64 × 4 MiB = 256 MiB per layer per request.

GQA with 8 KV heads uses:

8 × 4 MiB = 32 MiB per layer per request.

That is 1/8 of baseline.

MQA with 1 KV head uses:

1 × 4 MiB = 4 MiB per layer per request.

That is 1/64 of baseline.

Look how direct that is.

If the model has many layers, multiply those savings again.

So GQA is already a huge memory win.

MQA is even smaller.

But quality trade-offs are not identical.

That is why engineers do not always choose the maximum compression.

4) Why GQA became the practical favorite

GQA became a common compromise because it keeps more head diversity than MQA.

At the same time, it still cuts cache aggressively.

So you get a very good quality-memory trade.

That matters in real serving.

A model that is slightly more memory-efficient can serve more users per GPU.

That changes cost.

Latency.

And product capacity.

So what do teams usually prefer?

If quality is fragile, GQA is often the safer middle road.

If memory is desperate, MQA can be very attractive.

If memory is abundant and maximum flexibility matters, standard MHA is still the richest setup.

But for many modern LLM deployments, GQA wins the adult argument.

Good enough quality.

Much smaller cache.

That is why you see it so often.

And remember the bigger lesson.

Not every memory problem is solved by smaller weights from the blueprint.

Sometimes the site fills up because repeated KV copies are wasteful.

Sharing fixes that.


Where this lives in the wild

  • Meta Llama 3 — uses GQA to keep serving memory lower than full multi-head KV storage.
  • Mistral 7B — uses grouped-query attention as a strong quality-memory compromise for deployment.
  • Falcon 40B — uses multi-query attention to shrink KV-cache cost aggressively.
  • NVIDIA TensorRT-LLM — benefits directly when fewer KV heads reduce runtime cache pressure.
  • vLLM serving stacks — can pack more traffic when model architecture already cuts KV head count.

Pause and recall

  1. What changes in the cache formula when moving from MHA to GQA?
  2. Why does MQA give the maximum KV-memory reduction?
  3. Why is GQA often preferred over MQA in practice?
  4. What does 1/8× or 1/64× refer to here exactly?

Interview Q&A

Q1. Why GQA not full MHA for most serving-heavy LLMs? Because GQA preserves much of the quality benefit of multiple query heads while cutting KV-cache memory sharply. Common wrong answer to avoid: "GQA is mainly for making the FFN smaller."

Q2. Why MQA not always the default if 1/64× sounds amazing? Because the most aggressive sharing can cost more quality, so some models prefer the middle ground of grouped sharing. Common wrong answer to avoid: "More compression is always the correct architectural choice."

Q3. Why fewer KV heads not fewer query heads?
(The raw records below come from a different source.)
text \<open>
  The solution is self-similar: \<open>v = X / (1 - t)\<close> and \<open>p = P / (1 - t)\<^sup>2\<close> with the stationary
  field \<open>X = f'(r) cos y \<partial>\<^sub>r - r\<^sup>8 f(r) sin y \<partial>\<^sub>y\<close>, so the Euler system reduces to
  \<open>X + \<nabla>\<^sub>X X = -\<nabla>P\<close>, \<open>div\<^sub>h X = 0\<close>. Both hold (for suitable \<open>P\<close>) as soon as
  \<open>f'' = 3 f' / r + r\<^sup>8 f\<close>, and this ODE is solved by the integral
  \<open>f(r) = \<integral>\<^sub>0\<^sup>\<infinity> t exp(-t\<^sup>5 - r\<^sup>1\<^sup>0 / (100 t\<^sup>5)) dt\<close>: differentiating under the
  integral sign twice produces integrals that are related by an integration by parts in \<open>t\<close>.
  The factor \<open>exp(-r\<^sup>1\<^sup>0 / (100 t\<^sup>5))\<close> keeps \<open>r\<^sup>8 f\<close> and hence \<open>f''\<close> bounded, so
  \<open>\<partial>\<^sub>r v\<^sup>r = f''(r) cos y / (1 - t)\<close> is bounded at every time \<open>t < 1\<close>; and \<open>f''\<close> cannot
  vanish identically: then \<open>f' = c\<close> is constant, the ODE forces \<open>f = -3c / r\<^sup>9\<close>, whose
  derivative is \<open>c\<close> only if \<open>c = 0\<close>, contradicting \<open>f > 0\<close>.
\<close>

lemma power_div_fact_le_exp:
  fixes x :: real assumes "0 \<le> x" shows "x ^ n / fact n \<le> exp x"
proof -
  have "(\<lambda>k. x ^ k / fact k) sums exp x"
    using exp_converges[of x] by (simp add: divide_inverse mult.commute)
  then show ?thesis
    using assms sum_le_suminf[of "\<lambda>k. x ^ k / fact k" "{n}"] by (auto simp: sums_iff)
qed

lemma exp_neg_le_fact_div_power:
  fixes w :: real assumes "0 < w" shows "exp (- w) \<le> fact n / w ^ n"
  using power_div_fact_le_exp[of w n] assms by (simp add: exp_minus field_simps)

lemma self_le_one_plus_power:
  fixes t :: real assumes "0 \<le> t" "0 < n" shows "t \<le> 1 + t ^ n"
proof (cases "t \<le> 1")
  case False
  then have "t ^ 1 \<le> t ^ n" using assms(2) by (intro power_increasing) auto
  then show ?thesis by simp
next
  case True
  moreover have "0 \<le> t ^ n" using assms(1) by simp
  ultimately show ?thesis by linarith
qed

lemma has_real_derivative_integral_dominated:
  fixes h h' :: "real \<Rightarrow> 'a::euclidean_space \<Rightarrow> real"
  assumes x0: "x0 \<in> {a<..<b}"
    and h': "\<And>x t. x \<in> {a<..<b} \<Longrightarrow> t \<in> S \<Longrightarrow> ((\<lambda>x. h x t) has_real_derivative h' x t) (at x)"
    and h_int: "\<And>x. x \<in> {a<..<b} \<Longrightarrow> h x integrable_on S"
    and dominated: "\<And>x t. x \<in> {a<..<b} \<Longrightarrow> t \<in> S \<Longrightarrow> \<bar>h' x t\<bar> \<le> g t"
    and g_int: "g integrable_on S"
  shows "((\<lambda>x. integral S (h x)) has_real_derivative integral S (h' x0)) (at x0)"
proof -
  define Q where "Q y t = (h y t - h x0 t) / (y - x0)" for y t
  have "((\<lambda>y. integral S (Q y)) \<longlongrightarrow> integral S (h' x0)) (at x0 within {a<..<b})"
  proof (subst tendsto_at_iff_sequentially, intro allI impI)
    fix X assume X: "\<forall>i. X i \<in> {a<..<b} - {x0}" "X \<longlonglongrightarrow> x0"
    have "\<bar>Q (X i) t\<bar> \<le> g t" if t: "t \<in> S" for i t
    proof -
      have "norm (h (X i) t - h x0 t) \<le> g t * norm (X i - x0)"
        by (rule field_differentiable_bound[of "{a<..<b}" "\<lambda>x. h x t" "\<lambda>x. h' x t"])
           (use X x0 t h' dominated in \<open>auto intro: has_field_derivative_at_within\<close>)
      then show ?thesis
        using X(1) by (simp add: Q_def abs_divide divide_le_eq)
    qed
    moreover have "(\<lambda>i. Q (X i) t) \<longlonglongrightarrow> h' x0 t" if t: "t \<in> S" for t
    proof -
      have "((\<lambda>y. Q y t) \<longlongrightarrow> h' x0 t) (at x0 within {a<..<b})"
        using h'[OF x0 t] unfolding Q_def
        by (auto simp: has_field_derivative_iff intro: tendsto_within_subset)
      then show ?thesis
        using X by (auto simp: tendsto_at_iff_sequentially o_def)
    qed
    ultimately have "(\<lambda>i. integral S (Q (X i))) \<longlonglongrightarrow> integral S (h' x0)"
      using X(1) x0 h_int g_int unfolding Q_def
      by (intro dominated_convergence(2)) (auto intro!: integrable_diff integrable_on_divide)
    then show "((\<lambda>y. integral S (Q y)) \<circ> X) \<longlonglongrightarrow> integral S (h' x0)"
      by (simp add: o_def)
  qed
  moreover have "integral S (Q y) = (integral S (h y) - integral S (h x0)) / (y - x0)"
    if "y \<in> {a<..<b}" for y
    using that x0 h_int by (simp add: Q_def[abs_def] integral_diff)
  ultimately have "((\<lambda>y. (integral S (h y) - integral S (h x0)) / (y - x0))
      \<longlongrightarrow> integral S (h' x0)) (at x0 within {a<..<b})"
    by (rule Lim_transform_within_open[OF _ open_greaterThanLessThan x0]) auto
  then show ?thesis
    using x0 by (simp add: has_field_derivative_iff at_within_open[of x0 "{a<..<b}"])
qed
Because the memory pain comes from stored keys and values, while many query heads can still read shared KV information. Common wrong answer to avoid: "Queries dominate KV-cache memory, not keys and values."

Q4. Why architecture change not only scheduler tricks for cache pressure? Because changing kv_heads attacks the formula itself, while scheduling alone cannot erase per-head storage requirements. Common wrong answer to avoid: "Continuous batching fully removes the need for GQA or MQA."


Apply now (5 min)

Quick exercise.

Assume 32 query heads and head_dim=128.

Compute relative KV-cache size for MHA, GQA with 4 KV heads, and MQA.

Write the ratios only.

Then explain in one line why GQA is called a middle ground.

Sketch from memory.

Draw four query heads.

Show separate KV pairs for MHA.

Show groups for GQA.

Show one shared KV pair for MQA.

Write this note below: "Sharing paperwork reduces the load from the site constraint."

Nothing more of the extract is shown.